In fact, Trump’s own 2025 national security strategy released in December explicitly states that the U.S. is not going to attempt to stop repression in other countries or lecture them about the need for democratic and human rights reforms, but instead will deal with such countries as they are (that policy was designed to justify Trump’s close relationship with Saudi, Emirati, Qatari, Egyptian and Jordanian tyrants but the principle applies to Iran as well, which is at most as repressive and in fact mildly less so than those close U.S. allies).



National Security Strategy of the Trump Administration, 2025

The willingness of the U.S. to embrace and even support the world’s most savage regimes has, in fact, been the staple of U.S. foreign policy since at least the end of World War II; Trump, I guess to his credit, is the first to candidly admit and describe that reality.

Then we arrive at the final stated justification for a U.S. war against Iran: namely, Iran’s refusal to give up conventional weapons such as the ballistic missiles it used to impose serious damage to Israel in retaliation for Israel’s surprise attack on Iran. These ballistic missiles do not have the range to reach the U.S. Even if they did, Iran has never shown any propensity for militarily attacking the U.S. homeland, given its knowledge of what would ensue.

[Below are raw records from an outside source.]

definition utility :: "(nat \<Rightarrow> (nat \<Rightarrow> real) \<Rightarrow> real) \<Rightarrow> ((nat \<Rightarrow> real) \<Rightarrow> nat) \<Rightarrow> ((nat \<Rightarrow> real) \<Rightarrow> real)
     \<Rightarrow> nat \<Rightarrow> (nat \<Rightarrow> real) \<Rightarrow> (nat \<Rightarrow> real) \<Rightarrow> real" where
  "utility v w p i b s = (if w b = i then v i s - p b else 0)"

definition pure_NE_no_overbid :: "nat \<Rightarrow> (nat \<Rightarrow> real set) \<Rightarrow> (nat \<Rightarrow> (nat \<Rightarrow> real) \<Rightarrow> real)
     \<Rightarrow> ((nat \<Rightarrow> real) \<Rightarrow> nat) \<Rightarrow> ((nat \<Rightarrow> real) \<Rightarrow> real) \<Rightarrow> (nat \<Rightarrow> real) \<Rightarrow> (nat \<Rightarrow> real) \<Rightarrow> bool" where
  "pure_NE_no_overbid n S v w p s b \<longleftrightarrow>
     b \<in> profiles n S \<and> (\<forall>i<n. b i \<le> s i) \<and>
     (\<forall>i<n. \<forall>b'\<in>S i. b' \<le> s i \<longrightarrow> \<not> (utility v w p i (b(i := b')) s > utility v w p i b s))"

end

theory Submission
  imports Defs
begin

text \<open>All valuations in the example depend only on the total signal \<open>x = s\<^sub>0 + s\<^sub>1 \<in> [0, 2]\<close>:
  \<open>v\<^sub>0 = 9x(6 - x)\<close> and \<open>v\<^sub>1 = 36x + 8\<close>. Since \<open>v\<^sub>1 - v\<^sub>0 = (3x - 2)(3x - 4)\<close>, bidder 0 has the
  strictly highest value exactly for \<open>x \<in> (2/3, 4/3)\<close>, and bidder 1 outside \<open>[2/3, 4/3]\<close>.
  At the true signals \<open>(1, 1)\<close> the loser of any no-overbidding bid profile can move the reported
  total into her own winning region while keeping it below 2, with her own signal in \<open>[0, 1]\<close>.
  She then wins and, as the payment is at most her value at the bids, which is below her true
  value, she gains strictly over the zero utility of losing. The increments of both
  valuations in \<open>x\<close> lie between 18 and 54 per unit, so the profile is 2-single-crossing.\<close>

lemma profiles_fun_upd:
  assumes "s \<in> profiles n S" "k < n" "y \<in> S k"
  shows "s(k := y) \<in> profiles n S"
  using PiE_fun_upd[OF assms(3,1)[unfolded profiles_def]] assms(2)
  by (simp add: profiles_def insert_absorb)

lemma utility_gain_by_winning:
  assumes auction: "highest_value_auction n S v w p"
    and b': "b' \<in> profiles n S" and "i < n" "w b \<noteq> i"
    and strict_top: "\<forall>j<n. j \<noteq> i \<longrightarrow> v j b' < v i b'"
    and below_true_value: "v i b' < v i s"
  shows "utility v w p i b s < utility v w p i b' s"
proof -
  have "w b' < n" "v i b' \<le> v (w b') b'" "p b' \<le> v (w b') b'"
    using auction b' \<open>i < n\<close> unfolding highest_value_auction_def by auto
  then have "w b' = i"
    using strict_top by force
  then show ?thesis
    using \<open>p b' \<le> v (w b') b'\<close> below_true_value \<open>w b \<noteq> i\<close> by (simp add: utility_def)
qed
(* For every $n\ge1$, the set $\mathcal Z_{n+}$ is open in $(X_d^{(c)})^n$.
   Context: Let $d\ge2$. $E_{d+1}=\mathbb R^{d+1}$, $E^{(c)}_{d+1}=\mathbb C^{d+1}$ with bilinear form $(x,y)=x^0y^0+x^dy^d-\sum_{j=1}^{d-1}x^jy^j$. $X_d=\{x\in E_{d+1}:(x,x)=1\}$, $X_d^{(c)}=\{z\in E^{(c)}_{d+1}:(z,z)=1\}$. $\exp$ is the matrix exponential; $\ell(a\wedge b)x=a(b,x)-b(a,x)$. $\mathcal C_1=\{\ell(a\wedge b):(a,a)=(b,b)=1,(a,b)=0,a^0b^d-a^db^0>0\}$. $\mathcal Z_{n+}$ is the set of $(z_1,\dots,z_n)\in(X_d^{(c)})^n$ such that $z_j=e^{\tau_1M_1}\cdots e^{\tau_jM_j}c_j$ for $j=1,\dots,n$, with $\mathrm{Im}\,\tau_j>0$, $M_j\in\mathcal C_1$, $c_j\in X_d$. *)

theory Defs
  imports "HOL-Analysis.Analysis"
begin

text \<open>Vectors of E_{d+1} (resp. its complexification) are modelled as functions
  nat => real (resp. nat => complex) vanishing at indices > d; coordinates 0..d.
  Tuples (z_1,...,z_n) are functions nat => (nat => complex) vanishing outside {1..n}.
  The topology is the product topology on functions (which on these finitely
  supported subsets is the Euclidean topology).\<close>

definition bform :: "nat \<Rightarrow> (nat \<Rightarrow> 'a::comm_ring) \<Rightarrow> (nat \<Rightarrow> 'a) \<Rightarrow> 'a" where
  "bform d x y = x 0 * y 0 + x d * y d - (\<Sum>j\<in>{1..d-1}. x j * y j)"

definition Evec :: "nat \<Rightarrow> (nat \<Rightarrow> 'a::zero) set" where
  "Evec d = {x. \<forall>i>d. x i = 0}"

definition Xd :: "nat \<Rightarrow> (nat \<Rightarrow> real) set" where
  "Xd d = {x \<in> Evec d. bform d x x = 1}"

definition Xdc :: "nat \<Rightarrow> (nat \<Rightarrow> complex) set" where
  "Xdc d = {z \<in> Evec d. bform d z z = 1}"

definition Xdc_pow :: "nat \<Rightarrow> nat \<Rightarrow> (nat \<Rightarrow> nat \<Rightarrow> complex) set" where
  "Xdc_pow d n = {z. (\<forall>j\<in>{1..n}. z j \<in> Xdc d) \<and> (\<forall>j. j \<notin> {1..n} \<longrightarrow> z j = (\<lambda>_. 0))}"
lemma xbody_periodic:
  assumes "0 < qq" "\<And>t. q j (t + 2 * pi) = q j t"
  shows "xbody q pp qq j (\<tau> + 2 * pi) = xbody q pp qq j \<tau>"
proof -
  interpret periodic_fun_simple "q j" "2 * pi"
    by unfold_locales (rule assms(2))
  have "- omega pp qq * (\<tau> + 2 * pi) / nu qq = - omega pp qq * \<tau> / nu qq - 2 * pi * real pp"
    and "(\<tau> + 2 * pi) / nu qq = \<tau> / nu qq + real qq * (2 * pi)"
    using assms(1) by (simp_all add: omega_def nu_def field_simps)
  then show ?thesis
    by (simp add: xbody_def expJ_minus_2pi_multiple plus_of_nat)
qed

lemma hfun_periodic:
  assumes "0 < qq" "\<forall>j\<in>{1..n}. \<forall>t. q j (t + 2 * pi) = q j t"
  shows "hfun n \<alpha> m q pp qq x (\<tau> + 2 * pi) = hfun n \<alpha> m q pp qq x \<tau>"
  unfolding hfun_def using assms by (intro sum.cong) (simp_all add: xbody_periodic)

lemma norm_xbody: "norm (xbody q pp qq j \<tau>) = norm (q j (\<tau> / nu qq))"
  by (simp add: xbody_def norm_expJ)

lemma xbody_centre_of_mass:
  assumes "(\<Sum>j\<in>S. m j *\<^sub>R q j (\<tau> / nu qq)) = 0"
  shows "(\<Sum>j\<in>S. m j *\<^sub>R xbody q pp qq j \<tau>) = 0"
proof -
  have "(\<Sum>j\<in>S. m j *\<^sub>R xbody q pp qq j \<tau>)
      = expJ (- omega pp qq * \<tau> / nu qq) *v (\<Sum>j\<in>S. m j *\<^sub>R q j (\<tau> / nu qq))"
    by (simp add: xbody_def linear_sum[OF matrix_vector_mul_linear] matrix_vector_mult_scaleR)
  then show ?thesis
    using assms by simp
qed

lemma bounded_range_periodic:
  fixes f :: "real \<Rightarrow> 'a::real_normed_vector"
  assumes "0 < p" "\<And>t. f (t + p) = f t" "continuous_on {0..p} f"
  shows "bounded (range f)"
proof -
  interpret periodic_fun_simple f p
    by unfold_locales (rule assms(2))
  have "f t \<in> f ` {0..p}" for t
  proof -
    have "t - of_int \<lfloor>t / p\<rfloor> * p \<in> {0..p}"
      using floor_divide_lower[OF assms(1), of t] floor_divide_upper[OF assms(1), of t]
      by (simp add: algebra_simps)
    then show ?thesis
      using minus_of_int[of t "\<lfloor>t / p\<rfloor>"] by (metis image_eqI)
  qed
  then have "range f \<subseteq> f ` {0..p}"
    by blast
  moreover have "bounded (f ` {0..p})"
    using assms(3) by (intro compact_imp_bounded compact_continuous_image) auto
  ultimately show ?thesis
    using bounded_subset by blast
qed

lemma periodic_family_bounded:
  fixes q :: "'i \<Rightarrow> real \<Rightarrow> 'a::real_normed_vector"
  assumes "finite I" "0 < p" "\<And>j t. j \<in> I \<Longrightarrow> q j (t + p) = q j t"
    and "\<And>j. j \<in> I \<Longrightarrow> continuous_on {0..p} (q j)"
  obtains R where "0 < R" "\<And>j t. j \<in> I \<Longrightarrow> norm (q j t) \<le> R"
proof -
  have "bounded (range (q j))" if "j \<in> I" for j
    using assms(2) assms(3)[OF that] assms(4)[OF that] by (rule bounded_range_periodic)
  then have "bounded (\<Union>j\<in>I. range (q j))"
    using assms(1) by (intro bounded_UN) auto
  then show thesis
    using that unfolding bounded_pos by blast
qed

lemma compact_norm_bounds:
  fixes K :: "'a::euclidean_space set"
  assumes "compact K" "0 \<notin> K"
  obtains d B where "0 < d" "d \<le> B" "\<And>x. x \<in> K \<Longrightarrow> d \<le> norm x \<and> norm x \<le> B"
proof -
  obtain d where d: "0 < d" "\<forall>x\<in>K. d \<le> norm x"
    using separate_point_closed[of K 0] assms compact_imp_closed by (metis dist_0_norm)
  obtain B where "\<forall>x\<in>K. norm x \<le> B"
    using assms(1) compact_imp_bounded bounded_iff by blast
  then show thesis
    using that[of d "max d B"] d by force
qed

Moreover, every country has a legal right to build up a conventional arsenal: most countries in the world, including U.S. adversaries, do exactly that. And few countries have more justification for wanting such weapons than Iran, which has not only been repeatedly threatened with war by the most powerful country on earth, and the most powerful country in the region, but both of those countries have attacked Iran in multiple ways over the last two decades. Any minimally responsible leader of any country would, of course, want normal conventional weapons such as mid-range ballistic missiles to provide a deterrent threat against adversaries such as Israel from attacking it on a whim.

If the U.S. goes to war against Iran because of its refusal to destroy or severely limit its ballistic missiles — weapons that can threaten Israel and U.S. forces deployed near Iran to protect Israel, but not reach the U.S. homeland — then that will be one of the clearest signs yet (for those who still harbor doubts) that the U.S. is fighting wars and putting American soldiers at risk in order to advance Israel’s interests in the Middle East.

There is a reason that Netanyahu has visited Trump in the White House seven times in the last year, more than any other world leader by far. It is not because Netanyahu (or Trump’s fanatical top billionaire funder, the Israeli-American Miriam Adelson, whom Trump has suggested cares more about Israel than the U.S.) has suddenly developed a keen interest in building Trump’s “Board of Peace” to spread harmony in the world.

Each time Netanyahu visits, the U.S. finds itself in conflict, if not outright war, with Israel’s enemies. One can dismiss that as a coincidence if one likes, but I defy anyone to find a more likely reason as to why Trump — who built his movement on a vow to end Endless War as the defining dogma of the bipartisan DC swamp, yet is now clearly captive to powerful Israeli power centers — is on the verge of yet another new war with Israel’s enemies.